I think it was December 2006. Two years since I finished highschool, I was on my second Co-op (basically an internship except your work performance is graded by school) as a web developer. One day, we had a nice Christmas tree set up in the office. Excited, one of my senior coworkers said to me,
“hey josh, we need to start decorating. can you start putting these glass balls on the tree?”
Sure, it was an easy task. I grabbed one of the balls and stood in front of the tree, preparing to hang one. Except, that’s when my longest struggle started and I still remember how it felt like an eternity.
Where should I hang it?
For some reason, I just couldn’t move my muscle and put that glass ornament ball. The Christmas tree was right there with nothing, but a shining, yellow star on top of the tree. I recall that feeling, what I remember still, as ‘fear.’ I feared that wherever I put that ball on the tree would be a wrong location and I might be blamed for doing it wrong. It was as if, you have this pure, very plain, white blank paper waiting for me to be drawn on. Yet, I had no idea where to put my pen and start moving. In the end, I had to turn my head towards that senior and ask, “so, where do you want me to hang it?”
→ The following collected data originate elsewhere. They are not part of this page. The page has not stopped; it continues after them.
lemma beta_power: "\<beta> ^ Suc n = polyT (fib_poly k (Suc n)) * \<beta> + polyT (fib_poly k n)"
proof (induction n)
  case (Suc n)
  have "\<beta> ^ Suc (Suc n) = \<beta> * \<beta> ^ Suc n"
    by (rule power_Suc)
  also have "\<dots> = polyT (fib_poly k (Suc n)) * \<beta>^2 + polyT (fib_poly k n) * \<beta>"
    unfolding Suc.IH by (simp add: algebra_simps power2_eq_square)
  also have "\<dots> = polyT (fib_poly k (Suc (Suc n))) * \<beta> + polyT (fib_poly k (Suc n))"
    unfolding beta_root by (simp add: algebra_simps)
  finally show ?case .
qed simp

definition convergent :: "nat \<Rightarrow> lser" where
  "convergent n = polyT (- fib_poly k n) / polyT (fib_poly k (Suc n))"

lemma beta_minus_convergent: "\<beta> - convergent n = \<beta> ^ Suc n / polyT (fib_poly k (Suc n))"
  using fib_poly_Suc_nonzero[of n]
  unfolding convergent_def beta_power by (simp add: field_simps)

lemma beta_neq_convergent: "\<beta> \<noteq> convergent n"
  using beta_minus_convergent[of n] beta_nonzero fib_poly_Suc_nonzero[of n] by auto

lemma fls_subdegree_beta_minus_convergent:
  "fls_subdegree (\<beta> - convergent n) = int (2 * k * n + k)"
  using beta_nonzero fib_poly_Suc_nonzero[of n]
  by (simp add: beta_minus_convergent fls_divide_subdegree fls_subdegree_pow fls_subdegree_beta
      fls_subdegree_polyT degree_fib_poly_Suc algebra_simps)

lemma beta_irrational: "\<beta> \<notin> ratfunT"
proof (rule not_ratfunT_if_approximable)
  fix N
  have "1 * N \<le> k * N"
    using k_pos by (rule mult_le_mono1)
  then have "int N \<le> int k * int N"
    by (metis mult_1 of_nat_le_iff of_nat_mult)
  moreover have "fls_subdegree (\<beta> - convergent N) = 2 * (int k * int N) + int k"
    by (simp add: fls_subdegree_beta_minus_convergent)
  moreover have "int (degree (fib_poly k (Suc N))) = int k * int N"
    by (simp add: degree_fib_poly_Suc)
  ultimately have "int N + int (degree (fib_poly k (Suc N))) < fls_subdegree (\<beta> - convergent N)"
    using k_pos by linarith
  then show "\<exists>p q. q \<noteq> 0 \<and> \<beta> \<noteq> polyT p / polyT q \<and>
      int N + int (degree q) < fls_subdegree (\<beta> - polyT p / polyT q)"
    using beta_neq_convergent[of N] fib_poly_Suc_nonzero[of N] unfolding convergent_def by blast
qed

lemma fls_subdegree_conjugate_diff: "fls_subdegree (fls_X_inv ^ k - 2 * \<beta>) = - int k"
proof -
  have "fls_subdegree (2 * \<beta>) = int k"
    using beta_nonzero fls_subdegree_beta by (simp add: fls_subdegree_mult)
  then show ?thesis
    using k_pos by (subst fls_subdegree_diff_eq1) auto
qed

sublocale quadratic_irrational \<beta> "monom 1 k" 1
  by unfold_locales (simp_all add: beta_root beta_irrational)

lemma lagrange_value_beta: "lagrange_value \<beta> = ereal (of_int k)"
proof (rule lagrange_value_eqI)
  show "infinite (approx_set \<beta> (int k))"
  proof (rule infinite_approx_setI[of UNIV convergent])
    show "convergent n \<in> approx_set \<beta> (int k)" for n
    proof -
      have "2 * int (degree (fib_poly k (Suc n))) + int k \<le> fls_subdegree (\<beta> - convergent n)"
        by (simp add: fls_subdegree_beta_minus_convergent degree_fib_poly_Suc)
      then show ?thesis
        unfolding convergent_def by (rule approx_setI[OF fib_poly_Suc_nonzero])
    qed
    show "inj (\<lambda>n. fls_subdegree (\<beta> - convergent n))"
      using k_pos by (intro injI) (simp add: fls_subdegree_beta_minus_convergent)
  qed simp
  show "finite (approx_set \<beta> j)" if "int k < j" for j
  proof -
    have "r \<notin> approx_set \<beta> j" for r
    proof
      assume "r \<in> approx_set \<beta> j"
      then obtain p q where "q \<noteq> 0" and "2 * int (degree q) + j \<le> fls_subdegree (\<beta> - polyT p / polyT q)"
        using irrational by (auto elim: approx_setE)
      moreover have "fls_subdegree (\<beta> - polyT p / polyT q) \<le> 2 * int (degree q) + int k"
        using fls_subdegree_approx_le[OF \<open>q \<noteq> 0\<close>, of p] fls_subdegree_conjugate_diff by simp
      ultimately show False
        using that by linarith
    qed
    then have "approx_set \<beta> j = {}"
      by blast
    then show ?thesis
      by simp
  qed
qed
I still am not sure what exactly caused that pause, but at least I thought I was one of the most creative people back then (while the word ‘creative’ and ‘innovative’ are used so much these days without context), winning highschool design competitions and this and that. Higher education taught me how to think logistically and bring functional values to everyday problems in the efficient way as possible and I was trained to become how to apply solutions as fast as possible. My work was considered an ‘improvement’ as I was playing with existing resources.
Eventually as I progressed through undergrad engineering, I often felt lack of motivation. I started to look for tangible, visible proofs over values and experiences. Maxwell’s equation didn’t feel any more than bunch of symbols I need to memorize to get my degree. You start looking for practical applications and what they will do, but perhaps recollecting senses and identify the core of surroundings could be as important. The day I tried to put that glass ball was the day when my creativity died, or perhaps when I started to become more obsessed with mediums over meanings.
Long story short, I want you to struggle and I want you to feel pain (owkay not physically but like agony and suffering from trying to overcome your current existential limit) as that is when your capacity and potential to bring subconscious value that couldn’t be found will be revealed at a higher chance.